■ **Task statement**: In the data below, find each line containing the string "which" and return it.

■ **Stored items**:

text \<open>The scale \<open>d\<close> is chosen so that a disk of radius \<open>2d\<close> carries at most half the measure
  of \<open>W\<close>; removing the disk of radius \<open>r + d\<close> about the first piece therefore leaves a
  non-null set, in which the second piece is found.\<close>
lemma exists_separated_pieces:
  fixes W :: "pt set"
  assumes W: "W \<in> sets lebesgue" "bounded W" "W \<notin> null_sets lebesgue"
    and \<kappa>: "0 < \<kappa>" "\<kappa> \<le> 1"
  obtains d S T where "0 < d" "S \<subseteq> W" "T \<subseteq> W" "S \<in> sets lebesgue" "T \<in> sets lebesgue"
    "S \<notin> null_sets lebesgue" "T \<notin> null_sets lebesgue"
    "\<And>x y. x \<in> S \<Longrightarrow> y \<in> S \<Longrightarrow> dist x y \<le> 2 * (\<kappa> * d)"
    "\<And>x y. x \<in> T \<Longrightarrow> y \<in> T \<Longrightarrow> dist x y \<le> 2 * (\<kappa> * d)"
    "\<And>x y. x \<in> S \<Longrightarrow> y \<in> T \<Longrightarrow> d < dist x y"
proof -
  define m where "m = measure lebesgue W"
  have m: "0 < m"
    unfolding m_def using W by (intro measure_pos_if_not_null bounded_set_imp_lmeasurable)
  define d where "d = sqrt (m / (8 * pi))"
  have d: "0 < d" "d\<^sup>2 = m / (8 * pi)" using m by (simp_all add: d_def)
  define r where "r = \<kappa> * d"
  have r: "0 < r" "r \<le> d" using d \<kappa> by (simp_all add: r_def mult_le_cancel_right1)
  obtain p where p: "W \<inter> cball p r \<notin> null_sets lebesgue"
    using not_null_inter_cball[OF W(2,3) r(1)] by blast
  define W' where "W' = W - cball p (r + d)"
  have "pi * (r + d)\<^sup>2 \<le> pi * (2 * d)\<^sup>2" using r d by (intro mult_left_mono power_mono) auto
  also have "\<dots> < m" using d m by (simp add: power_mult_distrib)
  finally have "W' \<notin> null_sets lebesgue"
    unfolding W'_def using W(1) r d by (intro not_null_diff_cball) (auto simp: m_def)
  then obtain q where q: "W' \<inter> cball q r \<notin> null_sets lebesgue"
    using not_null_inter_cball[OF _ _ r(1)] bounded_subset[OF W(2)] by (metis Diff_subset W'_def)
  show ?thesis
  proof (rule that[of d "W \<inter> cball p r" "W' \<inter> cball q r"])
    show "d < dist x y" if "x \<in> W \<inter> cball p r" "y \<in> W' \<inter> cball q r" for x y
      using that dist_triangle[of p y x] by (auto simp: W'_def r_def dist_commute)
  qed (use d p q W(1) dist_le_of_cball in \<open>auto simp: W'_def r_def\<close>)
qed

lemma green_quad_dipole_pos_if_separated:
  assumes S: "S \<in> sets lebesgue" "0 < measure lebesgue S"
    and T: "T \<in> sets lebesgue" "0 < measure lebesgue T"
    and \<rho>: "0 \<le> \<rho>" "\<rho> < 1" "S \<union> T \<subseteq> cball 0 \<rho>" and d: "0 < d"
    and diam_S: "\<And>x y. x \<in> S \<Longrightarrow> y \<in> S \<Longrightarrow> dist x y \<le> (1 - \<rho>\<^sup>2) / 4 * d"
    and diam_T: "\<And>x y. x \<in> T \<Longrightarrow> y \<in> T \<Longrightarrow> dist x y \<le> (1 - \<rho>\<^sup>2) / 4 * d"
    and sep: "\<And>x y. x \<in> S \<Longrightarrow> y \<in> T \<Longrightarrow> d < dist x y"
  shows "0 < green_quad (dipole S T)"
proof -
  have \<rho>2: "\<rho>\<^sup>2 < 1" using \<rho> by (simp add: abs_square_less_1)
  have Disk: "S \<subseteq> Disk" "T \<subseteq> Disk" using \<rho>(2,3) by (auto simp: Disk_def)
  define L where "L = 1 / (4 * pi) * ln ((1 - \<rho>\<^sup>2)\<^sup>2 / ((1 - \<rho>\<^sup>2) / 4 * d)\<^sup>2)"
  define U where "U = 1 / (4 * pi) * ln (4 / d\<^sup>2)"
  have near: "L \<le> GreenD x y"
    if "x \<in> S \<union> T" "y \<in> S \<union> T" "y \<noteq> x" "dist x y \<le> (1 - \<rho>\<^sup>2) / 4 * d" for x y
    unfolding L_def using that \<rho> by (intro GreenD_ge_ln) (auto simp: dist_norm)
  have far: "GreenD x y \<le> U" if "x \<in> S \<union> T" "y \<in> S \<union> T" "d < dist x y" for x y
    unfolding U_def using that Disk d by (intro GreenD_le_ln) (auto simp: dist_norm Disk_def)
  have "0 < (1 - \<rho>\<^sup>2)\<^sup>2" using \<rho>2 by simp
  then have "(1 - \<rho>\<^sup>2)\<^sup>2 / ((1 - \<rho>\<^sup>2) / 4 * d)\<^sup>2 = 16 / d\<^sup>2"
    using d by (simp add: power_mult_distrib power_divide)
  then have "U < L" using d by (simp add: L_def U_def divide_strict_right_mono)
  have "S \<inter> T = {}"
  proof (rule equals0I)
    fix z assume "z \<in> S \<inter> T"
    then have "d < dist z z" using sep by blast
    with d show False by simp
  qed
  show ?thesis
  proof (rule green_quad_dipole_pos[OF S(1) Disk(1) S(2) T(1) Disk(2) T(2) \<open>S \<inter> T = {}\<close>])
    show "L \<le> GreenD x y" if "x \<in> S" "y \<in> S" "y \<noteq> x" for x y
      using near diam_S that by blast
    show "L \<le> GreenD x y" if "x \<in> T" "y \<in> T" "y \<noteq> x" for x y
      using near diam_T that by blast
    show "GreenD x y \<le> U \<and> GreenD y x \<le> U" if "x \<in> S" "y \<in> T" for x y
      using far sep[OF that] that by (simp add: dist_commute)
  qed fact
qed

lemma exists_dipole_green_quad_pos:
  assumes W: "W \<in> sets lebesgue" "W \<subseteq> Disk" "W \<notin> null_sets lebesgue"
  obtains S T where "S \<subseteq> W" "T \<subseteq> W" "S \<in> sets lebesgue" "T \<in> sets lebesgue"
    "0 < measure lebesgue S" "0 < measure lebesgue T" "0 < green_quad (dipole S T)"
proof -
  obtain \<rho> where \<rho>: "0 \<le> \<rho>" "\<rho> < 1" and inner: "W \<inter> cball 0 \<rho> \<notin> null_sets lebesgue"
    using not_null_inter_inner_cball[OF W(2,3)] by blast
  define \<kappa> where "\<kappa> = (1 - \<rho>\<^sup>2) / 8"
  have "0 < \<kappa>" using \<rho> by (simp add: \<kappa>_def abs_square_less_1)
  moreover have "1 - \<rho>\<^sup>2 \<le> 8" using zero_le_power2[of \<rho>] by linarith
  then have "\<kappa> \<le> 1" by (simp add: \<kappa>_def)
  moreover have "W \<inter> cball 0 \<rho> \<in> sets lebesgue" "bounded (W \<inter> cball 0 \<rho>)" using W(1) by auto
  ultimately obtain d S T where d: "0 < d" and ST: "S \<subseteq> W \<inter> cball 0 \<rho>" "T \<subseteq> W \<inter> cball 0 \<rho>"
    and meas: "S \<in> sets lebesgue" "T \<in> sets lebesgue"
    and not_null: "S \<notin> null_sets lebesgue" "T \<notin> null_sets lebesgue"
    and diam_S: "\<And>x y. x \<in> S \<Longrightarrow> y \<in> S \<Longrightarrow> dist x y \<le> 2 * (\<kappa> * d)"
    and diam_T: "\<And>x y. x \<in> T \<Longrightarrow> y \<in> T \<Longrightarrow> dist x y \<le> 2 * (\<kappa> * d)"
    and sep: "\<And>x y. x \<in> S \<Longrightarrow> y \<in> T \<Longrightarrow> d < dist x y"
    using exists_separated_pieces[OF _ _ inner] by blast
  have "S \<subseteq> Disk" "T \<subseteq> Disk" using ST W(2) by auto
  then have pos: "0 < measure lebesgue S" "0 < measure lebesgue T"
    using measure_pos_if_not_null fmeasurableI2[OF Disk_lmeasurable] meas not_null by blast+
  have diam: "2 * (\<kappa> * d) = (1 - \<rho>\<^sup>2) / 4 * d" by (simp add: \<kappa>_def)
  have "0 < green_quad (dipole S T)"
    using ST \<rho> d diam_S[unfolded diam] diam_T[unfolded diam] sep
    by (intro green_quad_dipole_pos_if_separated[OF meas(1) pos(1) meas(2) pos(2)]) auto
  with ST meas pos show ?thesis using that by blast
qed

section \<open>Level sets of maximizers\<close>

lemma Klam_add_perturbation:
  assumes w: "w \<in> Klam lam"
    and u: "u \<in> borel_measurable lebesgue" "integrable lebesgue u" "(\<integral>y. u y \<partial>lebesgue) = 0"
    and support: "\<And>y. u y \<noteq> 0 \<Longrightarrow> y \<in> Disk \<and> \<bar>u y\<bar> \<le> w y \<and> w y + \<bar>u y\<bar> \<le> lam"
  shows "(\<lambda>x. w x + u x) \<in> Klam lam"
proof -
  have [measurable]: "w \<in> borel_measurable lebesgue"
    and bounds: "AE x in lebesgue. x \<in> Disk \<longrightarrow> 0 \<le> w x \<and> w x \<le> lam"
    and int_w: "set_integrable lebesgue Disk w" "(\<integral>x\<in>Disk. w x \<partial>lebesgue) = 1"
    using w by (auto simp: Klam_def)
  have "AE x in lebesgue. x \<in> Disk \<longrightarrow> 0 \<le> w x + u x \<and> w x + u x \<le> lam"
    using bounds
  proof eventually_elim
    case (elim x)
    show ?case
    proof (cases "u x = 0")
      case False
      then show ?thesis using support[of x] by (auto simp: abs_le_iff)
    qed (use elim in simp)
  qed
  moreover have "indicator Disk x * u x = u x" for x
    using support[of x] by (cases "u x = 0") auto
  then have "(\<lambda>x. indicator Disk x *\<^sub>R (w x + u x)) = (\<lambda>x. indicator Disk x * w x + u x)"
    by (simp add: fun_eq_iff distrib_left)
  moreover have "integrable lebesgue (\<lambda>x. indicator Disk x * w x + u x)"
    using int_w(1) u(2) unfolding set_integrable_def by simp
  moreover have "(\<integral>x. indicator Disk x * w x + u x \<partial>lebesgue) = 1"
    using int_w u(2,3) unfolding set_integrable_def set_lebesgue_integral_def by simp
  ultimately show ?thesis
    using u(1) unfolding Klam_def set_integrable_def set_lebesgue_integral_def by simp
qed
...
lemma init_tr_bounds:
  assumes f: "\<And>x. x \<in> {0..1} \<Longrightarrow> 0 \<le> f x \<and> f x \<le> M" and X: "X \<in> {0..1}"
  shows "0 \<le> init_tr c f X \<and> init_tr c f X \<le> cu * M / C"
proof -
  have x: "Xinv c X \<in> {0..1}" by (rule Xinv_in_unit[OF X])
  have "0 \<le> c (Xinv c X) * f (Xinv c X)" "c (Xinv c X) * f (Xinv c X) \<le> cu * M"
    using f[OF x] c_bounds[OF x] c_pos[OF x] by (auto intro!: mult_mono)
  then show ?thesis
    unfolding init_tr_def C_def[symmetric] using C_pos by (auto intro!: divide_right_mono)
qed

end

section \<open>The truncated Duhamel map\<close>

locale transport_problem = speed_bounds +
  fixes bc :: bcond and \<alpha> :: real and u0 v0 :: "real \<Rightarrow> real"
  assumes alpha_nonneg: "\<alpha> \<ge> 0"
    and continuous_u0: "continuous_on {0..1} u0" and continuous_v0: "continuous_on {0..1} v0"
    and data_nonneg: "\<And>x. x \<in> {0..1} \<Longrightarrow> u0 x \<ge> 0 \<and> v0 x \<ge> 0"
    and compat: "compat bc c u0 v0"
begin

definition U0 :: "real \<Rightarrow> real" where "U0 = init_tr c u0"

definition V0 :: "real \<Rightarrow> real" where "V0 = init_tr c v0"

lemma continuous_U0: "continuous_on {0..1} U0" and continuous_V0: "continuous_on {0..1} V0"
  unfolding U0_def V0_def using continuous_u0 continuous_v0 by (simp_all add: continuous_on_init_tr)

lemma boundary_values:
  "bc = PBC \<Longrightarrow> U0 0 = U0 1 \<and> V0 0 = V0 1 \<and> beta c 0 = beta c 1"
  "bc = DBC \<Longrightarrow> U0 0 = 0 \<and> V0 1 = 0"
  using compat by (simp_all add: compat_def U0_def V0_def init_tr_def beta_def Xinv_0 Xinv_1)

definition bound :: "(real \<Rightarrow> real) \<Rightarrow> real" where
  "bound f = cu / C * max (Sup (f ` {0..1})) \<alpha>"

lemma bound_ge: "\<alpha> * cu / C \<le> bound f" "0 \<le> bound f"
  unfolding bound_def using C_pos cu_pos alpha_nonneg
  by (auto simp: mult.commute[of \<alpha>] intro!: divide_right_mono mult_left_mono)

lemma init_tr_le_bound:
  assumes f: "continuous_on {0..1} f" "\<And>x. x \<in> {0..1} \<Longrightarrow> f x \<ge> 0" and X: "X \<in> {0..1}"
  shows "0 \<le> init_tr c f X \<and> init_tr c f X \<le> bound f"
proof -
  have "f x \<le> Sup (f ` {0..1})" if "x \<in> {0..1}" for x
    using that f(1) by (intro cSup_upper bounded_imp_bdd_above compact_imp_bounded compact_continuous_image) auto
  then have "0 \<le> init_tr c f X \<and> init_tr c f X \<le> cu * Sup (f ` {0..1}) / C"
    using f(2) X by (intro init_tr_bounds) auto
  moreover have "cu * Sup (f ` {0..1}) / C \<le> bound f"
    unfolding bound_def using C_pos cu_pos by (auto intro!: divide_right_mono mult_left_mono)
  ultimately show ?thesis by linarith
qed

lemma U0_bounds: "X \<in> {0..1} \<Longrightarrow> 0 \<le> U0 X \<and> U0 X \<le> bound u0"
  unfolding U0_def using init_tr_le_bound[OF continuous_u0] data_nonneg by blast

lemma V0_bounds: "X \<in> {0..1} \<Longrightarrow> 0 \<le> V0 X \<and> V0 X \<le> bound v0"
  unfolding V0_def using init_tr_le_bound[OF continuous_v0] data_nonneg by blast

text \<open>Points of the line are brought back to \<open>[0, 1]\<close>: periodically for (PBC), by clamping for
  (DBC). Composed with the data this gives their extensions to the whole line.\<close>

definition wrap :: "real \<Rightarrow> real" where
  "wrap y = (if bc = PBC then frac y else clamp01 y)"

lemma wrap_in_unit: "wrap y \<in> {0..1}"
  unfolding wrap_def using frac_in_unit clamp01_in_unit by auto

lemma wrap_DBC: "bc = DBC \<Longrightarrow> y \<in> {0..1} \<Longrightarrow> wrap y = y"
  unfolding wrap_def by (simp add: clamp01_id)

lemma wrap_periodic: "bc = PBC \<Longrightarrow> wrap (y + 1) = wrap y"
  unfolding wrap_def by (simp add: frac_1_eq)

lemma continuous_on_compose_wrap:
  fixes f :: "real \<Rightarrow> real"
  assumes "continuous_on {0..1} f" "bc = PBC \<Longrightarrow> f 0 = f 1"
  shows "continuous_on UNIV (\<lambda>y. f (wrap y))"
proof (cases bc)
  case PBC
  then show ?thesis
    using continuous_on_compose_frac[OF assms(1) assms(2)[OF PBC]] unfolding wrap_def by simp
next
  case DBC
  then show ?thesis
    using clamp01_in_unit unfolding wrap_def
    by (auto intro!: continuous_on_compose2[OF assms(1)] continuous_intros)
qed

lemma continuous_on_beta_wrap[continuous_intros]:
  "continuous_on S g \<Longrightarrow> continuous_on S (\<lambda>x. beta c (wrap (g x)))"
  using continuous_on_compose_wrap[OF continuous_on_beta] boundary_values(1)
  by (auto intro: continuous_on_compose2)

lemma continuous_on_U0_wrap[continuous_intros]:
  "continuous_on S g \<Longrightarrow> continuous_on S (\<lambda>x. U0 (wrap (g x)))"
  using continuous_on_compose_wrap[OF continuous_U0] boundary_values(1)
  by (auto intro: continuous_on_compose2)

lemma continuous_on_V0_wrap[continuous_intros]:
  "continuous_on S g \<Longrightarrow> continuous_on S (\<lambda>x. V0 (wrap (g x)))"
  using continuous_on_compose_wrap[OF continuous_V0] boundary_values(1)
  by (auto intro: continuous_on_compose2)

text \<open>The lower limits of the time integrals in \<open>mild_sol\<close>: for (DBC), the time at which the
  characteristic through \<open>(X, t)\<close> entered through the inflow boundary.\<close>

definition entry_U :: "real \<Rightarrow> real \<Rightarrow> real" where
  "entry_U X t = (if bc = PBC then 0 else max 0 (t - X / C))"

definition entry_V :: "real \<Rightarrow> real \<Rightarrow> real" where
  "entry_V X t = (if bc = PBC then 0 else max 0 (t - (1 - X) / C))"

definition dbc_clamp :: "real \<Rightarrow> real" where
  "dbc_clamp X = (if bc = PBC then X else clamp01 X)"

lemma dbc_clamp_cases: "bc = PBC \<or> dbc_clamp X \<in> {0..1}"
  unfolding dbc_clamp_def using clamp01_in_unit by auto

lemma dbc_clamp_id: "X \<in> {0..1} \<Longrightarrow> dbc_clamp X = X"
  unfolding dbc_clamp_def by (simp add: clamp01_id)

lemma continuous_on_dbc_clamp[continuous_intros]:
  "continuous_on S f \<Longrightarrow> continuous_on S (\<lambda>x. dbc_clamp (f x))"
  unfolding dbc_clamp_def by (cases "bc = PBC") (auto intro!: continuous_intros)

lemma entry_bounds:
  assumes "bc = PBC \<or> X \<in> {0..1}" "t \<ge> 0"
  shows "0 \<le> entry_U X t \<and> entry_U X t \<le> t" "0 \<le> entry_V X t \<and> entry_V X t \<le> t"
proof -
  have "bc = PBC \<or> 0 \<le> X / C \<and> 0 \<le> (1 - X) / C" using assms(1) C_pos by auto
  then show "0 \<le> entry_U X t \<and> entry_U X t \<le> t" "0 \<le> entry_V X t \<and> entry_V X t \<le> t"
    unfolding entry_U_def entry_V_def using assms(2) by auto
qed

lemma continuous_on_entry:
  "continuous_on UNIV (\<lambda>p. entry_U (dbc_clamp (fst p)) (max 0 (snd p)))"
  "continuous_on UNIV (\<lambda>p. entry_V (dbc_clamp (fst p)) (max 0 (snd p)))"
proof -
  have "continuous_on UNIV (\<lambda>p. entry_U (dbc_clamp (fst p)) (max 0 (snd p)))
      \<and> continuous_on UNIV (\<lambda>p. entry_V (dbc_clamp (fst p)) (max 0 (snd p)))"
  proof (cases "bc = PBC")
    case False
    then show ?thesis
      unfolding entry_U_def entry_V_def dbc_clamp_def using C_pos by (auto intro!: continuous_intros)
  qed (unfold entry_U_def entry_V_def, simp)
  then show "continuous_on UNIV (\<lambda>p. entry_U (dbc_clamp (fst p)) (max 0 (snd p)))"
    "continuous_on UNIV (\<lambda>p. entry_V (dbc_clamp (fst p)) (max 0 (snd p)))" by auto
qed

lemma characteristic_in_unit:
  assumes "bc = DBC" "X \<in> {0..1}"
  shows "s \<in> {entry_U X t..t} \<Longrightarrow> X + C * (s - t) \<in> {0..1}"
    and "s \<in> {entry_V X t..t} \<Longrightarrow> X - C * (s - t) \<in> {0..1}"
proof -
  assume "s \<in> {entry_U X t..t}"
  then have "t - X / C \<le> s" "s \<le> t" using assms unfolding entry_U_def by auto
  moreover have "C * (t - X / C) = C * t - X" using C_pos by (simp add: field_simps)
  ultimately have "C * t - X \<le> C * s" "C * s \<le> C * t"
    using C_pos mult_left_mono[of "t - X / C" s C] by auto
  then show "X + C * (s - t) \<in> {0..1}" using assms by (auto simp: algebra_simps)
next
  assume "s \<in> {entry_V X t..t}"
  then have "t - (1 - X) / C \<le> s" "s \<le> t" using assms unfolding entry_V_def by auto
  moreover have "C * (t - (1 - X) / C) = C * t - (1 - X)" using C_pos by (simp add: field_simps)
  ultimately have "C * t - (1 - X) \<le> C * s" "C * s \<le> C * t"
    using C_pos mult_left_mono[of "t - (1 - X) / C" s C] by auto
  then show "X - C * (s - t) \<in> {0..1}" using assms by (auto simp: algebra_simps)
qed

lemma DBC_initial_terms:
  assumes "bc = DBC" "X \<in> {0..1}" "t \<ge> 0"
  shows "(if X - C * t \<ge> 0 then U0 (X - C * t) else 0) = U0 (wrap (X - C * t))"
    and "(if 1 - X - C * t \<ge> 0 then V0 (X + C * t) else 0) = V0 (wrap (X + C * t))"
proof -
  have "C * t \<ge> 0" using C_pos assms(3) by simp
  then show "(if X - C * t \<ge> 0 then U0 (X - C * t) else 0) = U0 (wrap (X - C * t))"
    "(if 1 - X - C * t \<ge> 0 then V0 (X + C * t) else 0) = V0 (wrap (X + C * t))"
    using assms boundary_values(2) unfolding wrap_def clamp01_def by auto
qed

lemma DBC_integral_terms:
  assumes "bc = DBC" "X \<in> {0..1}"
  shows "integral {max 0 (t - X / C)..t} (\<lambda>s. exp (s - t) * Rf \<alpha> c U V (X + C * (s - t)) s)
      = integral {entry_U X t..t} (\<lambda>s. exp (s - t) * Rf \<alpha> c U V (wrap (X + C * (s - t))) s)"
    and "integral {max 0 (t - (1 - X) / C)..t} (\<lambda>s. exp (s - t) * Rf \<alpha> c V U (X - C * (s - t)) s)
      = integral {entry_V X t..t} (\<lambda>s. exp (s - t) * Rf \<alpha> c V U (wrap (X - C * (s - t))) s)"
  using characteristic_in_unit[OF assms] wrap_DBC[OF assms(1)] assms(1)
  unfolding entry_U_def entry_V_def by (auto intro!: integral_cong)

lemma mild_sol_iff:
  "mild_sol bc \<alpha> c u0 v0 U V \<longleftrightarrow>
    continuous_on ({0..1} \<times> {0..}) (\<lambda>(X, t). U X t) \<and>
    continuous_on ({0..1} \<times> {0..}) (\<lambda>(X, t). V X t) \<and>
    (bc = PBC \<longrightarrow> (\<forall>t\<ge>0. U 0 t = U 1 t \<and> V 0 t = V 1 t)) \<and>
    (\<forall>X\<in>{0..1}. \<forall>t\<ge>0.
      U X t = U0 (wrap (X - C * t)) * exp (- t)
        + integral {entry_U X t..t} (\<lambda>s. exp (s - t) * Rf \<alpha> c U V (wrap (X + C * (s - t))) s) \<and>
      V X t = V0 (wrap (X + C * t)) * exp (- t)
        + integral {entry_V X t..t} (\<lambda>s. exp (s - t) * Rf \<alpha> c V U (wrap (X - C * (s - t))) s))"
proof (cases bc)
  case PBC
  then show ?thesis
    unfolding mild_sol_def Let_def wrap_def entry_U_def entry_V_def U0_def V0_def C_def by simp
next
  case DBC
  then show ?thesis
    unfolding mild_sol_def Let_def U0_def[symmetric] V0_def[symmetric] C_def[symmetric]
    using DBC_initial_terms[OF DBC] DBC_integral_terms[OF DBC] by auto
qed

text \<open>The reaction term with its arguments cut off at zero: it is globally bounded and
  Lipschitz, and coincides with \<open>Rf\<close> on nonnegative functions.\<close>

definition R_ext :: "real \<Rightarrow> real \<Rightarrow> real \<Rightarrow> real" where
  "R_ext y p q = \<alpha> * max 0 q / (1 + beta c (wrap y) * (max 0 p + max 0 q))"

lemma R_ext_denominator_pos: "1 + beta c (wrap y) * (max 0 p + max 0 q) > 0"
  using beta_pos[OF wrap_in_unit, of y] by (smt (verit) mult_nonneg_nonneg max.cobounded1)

■ **Result of the exercise**:
  non-null set, in which the second piece is found.\<close>
text \<open>The lower limits of the time integrals in \<open>mild_sol\<close>: for (DBC), the time at which the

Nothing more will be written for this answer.